Only lines that contain the word "Gamma" belong in the answer; copy them from the records below.

Source data
= Beginning of Section =

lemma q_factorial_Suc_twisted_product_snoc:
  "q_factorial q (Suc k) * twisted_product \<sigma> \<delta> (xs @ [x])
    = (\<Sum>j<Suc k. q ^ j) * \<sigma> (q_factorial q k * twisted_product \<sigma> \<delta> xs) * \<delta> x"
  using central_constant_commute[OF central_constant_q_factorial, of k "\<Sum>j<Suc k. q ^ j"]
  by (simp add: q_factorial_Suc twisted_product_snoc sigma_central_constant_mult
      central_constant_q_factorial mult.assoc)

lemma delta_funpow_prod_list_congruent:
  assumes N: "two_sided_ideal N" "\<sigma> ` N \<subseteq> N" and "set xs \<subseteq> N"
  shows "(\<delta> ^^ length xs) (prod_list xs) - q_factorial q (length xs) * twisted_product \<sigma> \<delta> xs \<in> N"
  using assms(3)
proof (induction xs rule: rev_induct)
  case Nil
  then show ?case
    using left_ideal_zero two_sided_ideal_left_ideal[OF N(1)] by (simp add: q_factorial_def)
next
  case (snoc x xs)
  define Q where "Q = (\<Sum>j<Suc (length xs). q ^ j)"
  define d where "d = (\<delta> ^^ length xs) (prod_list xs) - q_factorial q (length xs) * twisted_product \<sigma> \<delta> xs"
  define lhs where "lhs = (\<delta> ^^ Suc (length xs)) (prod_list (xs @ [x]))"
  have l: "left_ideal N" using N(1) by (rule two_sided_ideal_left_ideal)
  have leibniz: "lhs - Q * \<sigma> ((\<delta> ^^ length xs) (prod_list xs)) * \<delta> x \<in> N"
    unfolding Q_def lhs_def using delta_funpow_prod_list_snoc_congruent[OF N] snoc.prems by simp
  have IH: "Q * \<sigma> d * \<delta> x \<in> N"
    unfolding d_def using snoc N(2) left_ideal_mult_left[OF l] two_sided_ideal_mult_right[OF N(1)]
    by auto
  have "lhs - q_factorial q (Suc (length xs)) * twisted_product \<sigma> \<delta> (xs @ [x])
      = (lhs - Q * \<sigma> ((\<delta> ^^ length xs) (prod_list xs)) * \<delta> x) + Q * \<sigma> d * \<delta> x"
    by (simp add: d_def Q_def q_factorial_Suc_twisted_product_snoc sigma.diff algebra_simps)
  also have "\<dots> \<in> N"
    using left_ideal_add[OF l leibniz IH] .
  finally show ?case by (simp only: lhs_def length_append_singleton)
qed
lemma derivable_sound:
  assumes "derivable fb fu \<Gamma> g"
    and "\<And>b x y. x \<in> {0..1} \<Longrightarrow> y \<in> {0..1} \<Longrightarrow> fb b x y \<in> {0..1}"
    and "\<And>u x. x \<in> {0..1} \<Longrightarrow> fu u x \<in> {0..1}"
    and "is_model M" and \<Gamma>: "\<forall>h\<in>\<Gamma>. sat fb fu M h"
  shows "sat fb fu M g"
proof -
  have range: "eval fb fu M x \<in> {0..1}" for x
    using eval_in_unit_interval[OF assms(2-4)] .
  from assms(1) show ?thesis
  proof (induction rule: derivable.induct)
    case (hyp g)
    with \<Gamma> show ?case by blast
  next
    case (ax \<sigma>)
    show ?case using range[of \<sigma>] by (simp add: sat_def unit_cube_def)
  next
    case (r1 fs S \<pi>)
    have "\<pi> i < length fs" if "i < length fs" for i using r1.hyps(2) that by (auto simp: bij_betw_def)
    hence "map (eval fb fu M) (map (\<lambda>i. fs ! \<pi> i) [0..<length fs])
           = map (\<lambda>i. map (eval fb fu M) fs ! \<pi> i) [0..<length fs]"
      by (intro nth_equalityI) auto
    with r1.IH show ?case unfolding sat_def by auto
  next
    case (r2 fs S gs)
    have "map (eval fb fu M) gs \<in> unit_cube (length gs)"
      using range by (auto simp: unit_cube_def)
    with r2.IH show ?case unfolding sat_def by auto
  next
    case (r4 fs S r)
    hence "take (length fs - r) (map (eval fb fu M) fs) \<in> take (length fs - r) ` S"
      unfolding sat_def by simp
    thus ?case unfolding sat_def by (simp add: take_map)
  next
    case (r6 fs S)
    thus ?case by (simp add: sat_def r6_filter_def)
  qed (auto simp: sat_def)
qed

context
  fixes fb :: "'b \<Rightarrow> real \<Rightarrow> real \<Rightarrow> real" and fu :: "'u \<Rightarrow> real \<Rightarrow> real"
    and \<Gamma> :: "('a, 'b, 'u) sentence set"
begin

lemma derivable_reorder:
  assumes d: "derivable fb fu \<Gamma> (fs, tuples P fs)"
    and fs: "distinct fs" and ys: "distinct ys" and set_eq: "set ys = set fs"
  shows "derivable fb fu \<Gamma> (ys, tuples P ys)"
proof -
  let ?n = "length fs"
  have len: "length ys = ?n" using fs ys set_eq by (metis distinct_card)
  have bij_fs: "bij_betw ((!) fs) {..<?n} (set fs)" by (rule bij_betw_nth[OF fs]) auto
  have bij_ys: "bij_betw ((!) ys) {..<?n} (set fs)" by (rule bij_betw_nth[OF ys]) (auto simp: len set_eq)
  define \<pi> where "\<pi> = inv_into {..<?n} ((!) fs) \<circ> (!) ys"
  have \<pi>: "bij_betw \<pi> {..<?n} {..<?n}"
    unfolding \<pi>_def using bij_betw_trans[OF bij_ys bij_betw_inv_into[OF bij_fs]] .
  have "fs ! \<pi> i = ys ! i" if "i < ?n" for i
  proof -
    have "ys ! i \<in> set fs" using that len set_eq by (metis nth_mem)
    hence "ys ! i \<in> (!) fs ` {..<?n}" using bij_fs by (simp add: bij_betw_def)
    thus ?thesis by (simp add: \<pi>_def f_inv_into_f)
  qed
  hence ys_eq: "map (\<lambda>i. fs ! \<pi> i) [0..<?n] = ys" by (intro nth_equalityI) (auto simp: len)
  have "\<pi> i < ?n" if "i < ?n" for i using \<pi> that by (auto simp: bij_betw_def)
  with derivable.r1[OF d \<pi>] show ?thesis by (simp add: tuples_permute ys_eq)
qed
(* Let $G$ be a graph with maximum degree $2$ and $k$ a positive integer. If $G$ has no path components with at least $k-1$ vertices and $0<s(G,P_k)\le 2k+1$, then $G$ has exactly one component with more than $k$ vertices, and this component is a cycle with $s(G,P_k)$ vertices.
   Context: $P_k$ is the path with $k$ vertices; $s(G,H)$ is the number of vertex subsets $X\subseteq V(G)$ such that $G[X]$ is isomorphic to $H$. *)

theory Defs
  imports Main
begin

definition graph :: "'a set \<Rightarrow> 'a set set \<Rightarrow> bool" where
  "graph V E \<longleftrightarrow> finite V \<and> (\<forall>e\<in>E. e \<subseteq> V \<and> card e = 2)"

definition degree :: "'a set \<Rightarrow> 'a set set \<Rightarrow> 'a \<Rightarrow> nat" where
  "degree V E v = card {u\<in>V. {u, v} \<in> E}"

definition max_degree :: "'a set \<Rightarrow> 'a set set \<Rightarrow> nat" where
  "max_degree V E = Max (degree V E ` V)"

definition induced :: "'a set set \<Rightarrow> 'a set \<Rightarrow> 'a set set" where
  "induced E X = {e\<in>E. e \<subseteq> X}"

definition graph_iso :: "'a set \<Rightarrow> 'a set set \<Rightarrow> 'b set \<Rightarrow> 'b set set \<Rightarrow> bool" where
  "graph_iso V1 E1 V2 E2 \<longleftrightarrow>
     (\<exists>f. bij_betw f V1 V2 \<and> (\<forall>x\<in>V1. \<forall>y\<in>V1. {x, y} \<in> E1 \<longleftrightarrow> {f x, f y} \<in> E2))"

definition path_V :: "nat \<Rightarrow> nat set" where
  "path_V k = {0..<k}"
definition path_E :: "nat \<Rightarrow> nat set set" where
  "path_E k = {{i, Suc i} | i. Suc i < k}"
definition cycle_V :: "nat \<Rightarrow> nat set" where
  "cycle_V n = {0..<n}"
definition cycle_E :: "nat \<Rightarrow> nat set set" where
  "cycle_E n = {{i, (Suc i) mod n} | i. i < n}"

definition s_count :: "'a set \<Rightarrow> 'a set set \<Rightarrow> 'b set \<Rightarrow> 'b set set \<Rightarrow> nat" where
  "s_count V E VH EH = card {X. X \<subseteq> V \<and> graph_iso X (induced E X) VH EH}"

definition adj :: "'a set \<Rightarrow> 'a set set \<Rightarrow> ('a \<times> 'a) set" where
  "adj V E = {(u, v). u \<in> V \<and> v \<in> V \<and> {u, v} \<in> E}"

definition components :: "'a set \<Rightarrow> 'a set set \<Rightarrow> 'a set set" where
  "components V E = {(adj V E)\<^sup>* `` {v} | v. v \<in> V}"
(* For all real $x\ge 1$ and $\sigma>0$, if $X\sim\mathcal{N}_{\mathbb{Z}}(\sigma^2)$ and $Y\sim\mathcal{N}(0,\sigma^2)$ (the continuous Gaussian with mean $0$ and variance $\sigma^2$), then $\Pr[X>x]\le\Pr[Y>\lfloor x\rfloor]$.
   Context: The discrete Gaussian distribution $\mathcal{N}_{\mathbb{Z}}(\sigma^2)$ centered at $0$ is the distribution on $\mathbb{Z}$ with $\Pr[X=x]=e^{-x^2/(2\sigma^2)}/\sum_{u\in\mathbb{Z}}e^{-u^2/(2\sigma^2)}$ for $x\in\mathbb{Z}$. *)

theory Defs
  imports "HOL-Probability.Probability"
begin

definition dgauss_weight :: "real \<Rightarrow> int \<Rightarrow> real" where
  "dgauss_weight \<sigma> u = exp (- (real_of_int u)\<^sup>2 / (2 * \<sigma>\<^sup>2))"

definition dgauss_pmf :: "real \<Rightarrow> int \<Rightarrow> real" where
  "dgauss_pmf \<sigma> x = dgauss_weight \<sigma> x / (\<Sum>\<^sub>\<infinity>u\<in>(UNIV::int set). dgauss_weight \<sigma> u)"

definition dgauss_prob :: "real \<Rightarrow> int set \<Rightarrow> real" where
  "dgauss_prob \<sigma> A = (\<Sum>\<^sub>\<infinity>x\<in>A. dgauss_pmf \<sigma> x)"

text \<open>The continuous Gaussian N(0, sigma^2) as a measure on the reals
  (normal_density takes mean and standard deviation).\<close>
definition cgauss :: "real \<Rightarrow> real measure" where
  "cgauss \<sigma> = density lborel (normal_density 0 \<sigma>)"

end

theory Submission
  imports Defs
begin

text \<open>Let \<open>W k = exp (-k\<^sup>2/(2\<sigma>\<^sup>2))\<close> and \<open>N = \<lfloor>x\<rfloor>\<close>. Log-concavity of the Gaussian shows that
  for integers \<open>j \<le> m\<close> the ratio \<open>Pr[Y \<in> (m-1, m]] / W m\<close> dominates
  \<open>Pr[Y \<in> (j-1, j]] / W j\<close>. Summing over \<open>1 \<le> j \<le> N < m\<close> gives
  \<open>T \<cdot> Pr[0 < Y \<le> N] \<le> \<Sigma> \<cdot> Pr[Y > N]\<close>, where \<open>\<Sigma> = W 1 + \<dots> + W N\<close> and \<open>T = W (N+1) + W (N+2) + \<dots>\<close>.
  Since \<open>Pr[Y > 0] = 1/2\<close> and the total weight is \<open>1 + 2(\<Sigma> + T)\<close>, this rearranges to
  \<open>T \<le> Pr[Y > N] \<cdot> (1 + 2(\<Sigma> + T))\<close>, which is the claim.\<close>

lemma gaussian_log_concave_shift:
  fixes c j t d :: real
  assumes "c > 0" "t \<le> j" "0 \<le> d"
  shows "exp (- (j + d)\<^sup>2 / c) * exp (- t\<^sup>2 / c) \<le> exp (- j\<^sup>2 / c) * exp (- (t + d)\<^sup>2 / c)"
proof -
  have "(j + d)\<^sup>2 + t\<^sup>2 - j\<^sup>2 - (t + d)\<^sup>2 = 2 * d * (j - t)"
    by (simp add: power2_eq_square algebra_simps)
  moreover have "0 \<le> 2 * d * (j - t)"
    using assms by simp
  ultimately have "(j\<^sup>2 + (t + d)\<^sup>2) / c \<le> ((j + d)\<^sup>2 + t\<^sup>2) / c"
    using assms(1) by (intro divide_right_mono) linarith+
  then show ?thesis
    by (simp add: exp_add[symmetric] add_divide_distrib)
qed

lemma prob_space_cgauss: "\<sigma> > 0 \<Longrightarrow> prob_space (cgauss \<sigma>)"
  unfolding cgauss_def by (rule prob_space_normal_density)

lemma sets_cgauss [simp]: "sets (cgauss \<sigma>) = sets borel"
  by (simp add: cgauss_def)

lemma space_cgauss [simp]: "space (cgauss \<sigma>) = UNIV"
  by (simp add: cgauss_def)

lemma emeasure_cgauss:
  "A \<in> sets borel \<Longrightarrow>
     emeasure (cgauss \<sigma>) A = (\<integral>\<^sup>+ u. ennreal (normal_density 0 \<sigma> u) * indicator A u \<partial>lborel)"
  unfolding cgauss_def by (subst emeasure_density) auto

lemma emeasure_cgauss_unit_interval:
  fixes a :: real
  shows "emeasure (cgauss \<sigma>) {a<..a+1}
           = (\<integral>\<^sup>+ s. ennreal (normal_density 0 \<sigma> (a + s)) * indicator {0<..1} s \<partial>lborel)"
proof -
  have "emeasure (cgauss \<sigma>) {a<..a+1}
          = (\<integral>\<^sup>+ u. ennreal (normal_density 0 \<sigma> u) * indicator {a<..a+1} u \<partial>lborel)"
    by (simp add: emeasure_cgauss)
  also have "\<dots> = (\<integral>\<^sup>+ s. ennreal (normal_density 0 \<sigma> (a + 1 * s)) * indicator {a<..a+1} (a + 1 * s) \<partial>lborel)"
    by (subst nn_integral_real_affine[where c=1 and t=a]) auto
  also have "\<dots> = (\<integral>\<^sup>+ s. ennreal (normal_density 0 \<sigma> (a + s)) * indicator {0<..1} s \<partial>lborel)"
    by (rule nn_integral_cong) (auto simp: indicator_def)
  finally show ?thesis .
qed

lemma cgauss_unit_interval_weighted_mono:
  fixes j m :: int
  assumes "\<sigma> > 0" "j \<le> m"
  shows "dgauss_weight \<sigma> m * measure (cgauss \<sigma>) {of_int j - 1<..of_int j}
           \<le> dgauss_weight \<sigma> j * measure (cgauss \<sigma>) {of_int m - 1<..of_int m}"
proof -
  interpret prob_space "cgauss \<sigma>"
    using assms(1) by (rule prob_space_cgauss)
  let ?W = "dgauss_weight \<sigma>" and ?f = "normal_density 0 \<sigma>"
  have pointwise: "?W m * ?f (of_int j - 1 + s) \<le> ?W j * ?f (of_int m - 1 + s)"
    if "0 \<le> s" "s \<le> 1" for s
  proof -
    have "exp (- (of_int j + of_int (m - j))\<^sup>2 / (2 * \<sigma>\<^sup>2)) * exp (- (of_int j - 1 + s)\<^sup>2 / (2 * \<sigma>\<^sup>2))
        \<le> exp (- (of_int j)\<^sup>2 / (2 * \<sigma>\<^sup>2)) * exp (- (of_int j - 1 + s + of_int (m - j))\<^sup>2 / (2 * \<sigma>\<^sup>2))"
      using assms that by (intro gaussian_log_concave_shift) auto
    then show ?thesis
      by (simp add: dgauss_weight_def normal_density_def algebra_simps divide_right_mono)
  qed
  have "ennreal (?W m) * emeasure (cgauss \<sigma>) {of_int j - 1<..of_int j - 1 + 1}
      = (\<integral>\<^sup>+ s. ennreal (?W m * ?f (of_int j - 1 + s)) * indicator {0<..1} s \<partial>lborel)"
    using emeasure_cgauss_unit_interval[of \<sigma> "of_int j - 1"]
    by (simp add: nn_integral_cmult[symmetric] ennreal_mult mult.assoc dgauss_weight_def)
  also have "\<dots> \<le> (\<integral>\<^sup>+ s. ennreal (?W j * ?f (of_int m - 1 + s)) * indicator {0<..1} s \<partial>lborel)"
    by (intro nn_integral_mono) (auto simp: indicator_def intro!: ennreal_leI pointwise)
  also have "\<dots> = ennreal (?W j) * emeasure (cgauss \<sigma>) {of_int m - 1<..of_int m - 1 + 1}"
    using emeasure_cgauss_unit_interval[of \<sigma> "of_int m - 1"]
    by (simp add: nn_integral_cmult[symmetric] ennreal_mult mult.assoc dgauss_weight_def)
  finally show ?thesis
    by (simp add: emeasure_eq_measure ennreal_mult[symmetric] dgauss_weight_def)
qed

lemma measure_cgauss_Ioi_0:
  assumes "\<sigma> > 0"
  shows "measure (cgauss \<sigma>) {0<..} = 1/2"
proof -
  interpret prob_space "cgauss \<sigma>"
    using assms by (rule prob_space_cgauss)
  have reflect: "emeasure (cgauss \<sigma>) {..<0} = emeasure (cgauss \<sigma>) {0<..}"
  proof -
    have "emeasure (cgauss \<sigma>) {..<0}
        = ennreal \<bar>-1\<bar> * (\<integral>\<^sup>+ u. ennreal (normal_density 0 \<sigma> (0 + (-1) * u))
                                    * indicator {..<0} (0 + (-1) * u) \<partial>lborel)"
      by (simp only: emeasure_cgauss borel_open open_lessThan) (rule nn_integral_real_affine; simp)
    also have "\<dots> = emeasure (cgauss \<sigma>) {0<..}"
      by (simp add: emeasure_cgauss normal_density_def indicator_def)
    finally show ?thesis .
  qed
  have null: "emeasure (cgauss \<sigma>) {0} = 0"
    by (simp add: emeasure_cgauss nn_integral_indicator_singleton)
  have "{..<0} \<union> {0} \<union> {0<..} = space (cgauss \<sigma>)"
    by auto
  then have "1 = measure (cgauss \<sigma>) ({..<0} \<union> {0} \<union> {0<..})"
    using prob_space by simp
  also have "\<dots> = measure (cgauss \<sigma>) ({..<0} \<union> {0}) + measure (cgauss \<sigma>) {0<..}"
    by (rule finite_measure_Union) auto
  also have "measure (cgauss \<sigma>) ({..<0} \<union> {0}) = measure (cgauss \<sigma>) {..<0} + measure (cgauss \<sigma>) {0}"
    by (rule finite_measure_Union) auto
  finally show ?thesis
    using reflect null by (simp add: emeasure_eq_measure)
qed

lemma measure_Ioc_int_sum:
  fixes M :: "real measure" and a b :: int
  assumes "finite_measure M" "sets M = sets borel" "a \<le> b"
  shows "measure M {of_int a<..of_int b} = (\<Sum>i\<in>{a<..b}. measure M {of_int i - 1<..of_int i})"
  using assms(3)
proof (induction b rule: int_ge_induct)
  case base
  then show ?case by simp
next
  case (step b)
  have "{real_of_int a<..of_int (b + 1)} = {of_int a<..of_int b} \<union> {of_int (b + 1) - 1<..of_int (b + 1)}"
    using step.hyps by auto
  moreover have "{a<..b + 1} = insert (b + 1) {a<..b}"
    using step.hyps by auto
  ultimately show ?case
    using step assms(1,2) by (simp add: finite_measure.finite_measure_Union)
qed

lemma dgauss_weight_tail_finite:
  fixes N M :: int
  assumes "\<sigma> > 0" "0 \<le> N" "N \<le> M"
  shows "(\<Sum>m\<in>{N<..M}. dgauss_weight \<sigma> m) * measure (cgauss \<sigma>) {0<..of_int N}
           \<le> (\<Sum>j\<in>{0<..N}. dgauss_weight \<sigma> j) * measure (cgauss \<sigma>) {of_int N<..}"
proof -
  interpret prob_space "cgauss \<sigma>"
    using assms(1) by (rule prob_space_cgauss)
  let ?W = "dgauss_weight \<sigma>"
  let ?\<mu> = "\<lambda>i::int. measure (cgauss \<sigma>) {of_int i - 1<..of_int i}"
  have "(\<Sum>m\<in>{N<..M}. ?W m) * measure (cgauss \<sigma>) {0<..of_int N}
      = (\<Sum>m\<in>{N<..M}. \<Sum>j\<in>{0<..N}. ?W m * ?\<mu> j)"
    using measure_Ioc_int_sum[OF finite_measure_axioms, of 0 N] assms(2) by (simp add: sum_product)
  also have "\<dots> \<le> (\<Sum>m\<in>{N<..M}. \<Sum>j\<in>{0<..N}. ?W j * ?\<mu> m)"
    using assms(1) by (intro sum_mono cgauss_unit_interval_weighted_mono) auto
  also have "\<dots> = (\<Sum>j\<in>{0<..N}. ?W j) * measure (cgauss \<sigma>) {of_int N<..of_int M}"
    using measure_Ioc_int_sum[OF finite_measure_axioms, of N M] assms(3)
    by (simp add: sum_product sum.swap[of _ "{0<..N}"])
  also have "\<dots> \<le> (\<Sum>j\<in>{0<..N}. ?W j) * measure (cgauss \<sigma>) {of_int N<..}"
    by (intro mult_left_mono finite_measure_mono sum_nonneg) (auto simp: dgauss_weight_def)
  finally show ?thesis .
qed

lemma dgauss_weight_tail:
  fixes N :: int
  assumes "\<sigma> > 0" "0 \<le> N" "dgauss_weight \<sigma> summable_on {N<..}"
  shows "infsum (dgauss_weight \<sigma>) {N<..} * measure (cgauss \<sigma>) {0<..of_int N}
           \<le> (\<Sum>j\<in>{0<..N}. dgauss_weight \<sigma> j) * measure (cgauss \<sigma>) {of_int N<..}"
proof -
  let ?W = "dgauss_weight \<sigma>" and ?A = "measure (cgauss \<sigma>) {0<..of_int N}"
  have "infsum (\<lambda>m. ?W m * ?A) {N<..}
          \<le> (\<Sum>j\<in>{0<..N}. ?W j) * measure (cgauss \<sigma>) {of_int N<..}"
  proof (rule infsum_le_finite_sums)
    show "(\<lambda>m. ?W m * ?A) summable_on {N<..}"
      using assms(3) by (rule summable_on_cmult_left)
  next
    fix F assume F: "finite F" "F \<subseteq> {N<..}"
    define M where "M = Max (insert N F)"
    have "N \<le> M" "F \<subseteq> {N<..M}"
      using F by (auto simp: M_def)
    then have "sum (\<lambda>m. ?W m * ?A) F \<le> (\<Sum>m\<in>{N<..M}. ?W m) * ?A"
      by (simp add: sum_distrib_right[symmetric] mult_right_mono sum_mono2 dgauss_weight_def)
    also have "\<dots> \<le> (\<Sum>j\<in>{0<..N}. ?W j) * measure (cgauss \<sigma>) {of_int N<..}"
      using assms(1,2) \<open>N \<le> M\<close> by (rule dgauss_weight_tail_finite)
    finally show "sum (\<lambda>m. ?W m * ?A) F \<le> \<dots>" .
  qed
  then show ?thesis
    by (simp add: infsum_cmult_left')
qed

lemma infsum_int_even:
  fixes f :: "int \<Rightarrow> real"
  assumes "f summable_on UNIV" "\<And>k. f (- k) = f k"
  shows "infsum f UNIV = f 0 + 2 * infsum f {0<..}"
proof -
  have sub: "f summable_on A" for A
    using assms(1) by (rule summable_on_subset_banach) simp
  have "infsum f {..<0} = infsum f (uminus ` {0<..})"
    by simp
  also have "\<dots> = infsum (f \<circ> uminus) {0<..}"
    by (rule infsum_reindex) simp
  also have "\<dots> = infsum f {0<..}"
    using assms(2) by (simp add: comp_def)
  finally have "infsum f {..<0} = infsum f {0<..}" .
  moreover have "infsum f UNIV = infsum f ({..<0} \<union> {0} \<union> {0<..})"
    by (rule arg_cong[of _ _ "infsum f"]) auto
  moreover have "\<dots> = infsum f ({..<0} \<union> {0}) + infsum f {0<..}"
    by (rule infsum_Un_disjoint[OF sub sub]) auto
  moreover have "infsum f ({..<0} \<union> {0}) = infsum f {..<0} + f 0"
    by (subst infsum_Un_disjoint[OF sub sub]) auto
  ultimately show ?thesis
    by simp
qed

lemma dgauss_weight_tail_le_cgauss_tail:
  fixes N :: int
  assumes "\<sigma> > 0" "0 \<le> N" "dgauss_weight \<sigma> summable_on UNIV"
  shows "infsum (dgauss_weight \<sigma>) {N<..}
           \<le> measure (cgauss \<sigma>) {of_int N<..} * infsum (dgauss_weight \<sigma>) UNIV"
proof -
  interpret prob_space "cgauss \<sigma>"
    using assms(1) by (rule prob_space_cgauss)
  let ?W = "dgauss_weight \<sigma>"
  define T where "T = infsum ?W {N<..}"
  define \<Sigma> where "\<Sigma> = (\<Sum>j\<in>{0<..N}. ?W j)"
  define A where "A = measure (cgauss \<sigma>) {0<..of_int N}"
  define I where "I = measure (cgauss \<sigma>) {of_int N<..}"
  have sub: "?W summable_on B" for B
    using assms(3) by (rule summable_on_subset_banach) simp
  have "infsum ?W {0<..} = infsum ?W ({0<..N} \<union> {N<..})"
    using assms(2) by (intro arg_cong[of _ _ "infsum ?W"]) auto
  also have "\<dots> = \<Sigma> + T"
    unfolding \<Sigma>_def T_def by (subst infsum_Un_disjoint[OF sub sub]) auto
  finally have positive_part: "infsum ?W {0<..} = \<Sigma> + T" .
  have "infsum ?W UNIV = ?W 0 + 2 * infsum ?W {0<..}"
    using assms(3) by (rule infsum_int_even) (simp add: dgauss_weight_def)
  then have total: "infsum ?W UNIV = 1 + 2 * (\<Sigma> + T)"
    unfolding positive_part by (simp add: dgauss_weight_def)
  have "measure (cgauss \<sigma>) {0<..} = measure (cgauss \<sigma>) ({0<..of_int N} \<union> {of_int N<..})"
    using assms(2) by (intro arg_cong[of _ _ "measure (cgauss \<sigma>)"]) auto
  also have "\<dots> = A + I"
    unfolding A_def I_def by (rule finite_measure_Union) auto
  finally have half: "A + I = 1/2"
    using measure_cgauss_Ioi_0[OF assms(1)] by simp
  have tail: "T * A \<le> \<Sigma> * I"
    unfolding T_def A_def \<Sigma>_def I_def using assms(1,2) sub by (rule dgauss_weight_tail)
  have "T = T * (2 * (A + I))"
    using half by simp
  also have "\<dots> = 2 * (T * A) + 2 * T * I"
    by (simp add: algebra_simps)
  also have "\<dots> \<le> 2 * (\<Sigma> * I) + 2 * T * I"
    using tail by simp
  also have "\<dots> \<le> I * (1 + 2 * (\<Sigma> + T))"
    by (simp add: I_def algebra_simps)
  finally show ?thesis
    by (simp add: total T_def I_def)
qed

= End of Section =

→ **Exercise result**:
  assumes "derivable fb fu \<Gamma> g"
    and "is_model M" and \<Gamma>: "\<forall>h\<in>\<Gamma>. sat fb fu M h"
    with \<Gamma> show ?case by blast
    and \<Gamma> :: "('a, 'b, 'u) sentence set"
  assumes d: "derivable fb fu \<Gamma> (fs, tuples P fs)"
  shows "derivable fb fu \<Gamma> (ys, tuples P ys)"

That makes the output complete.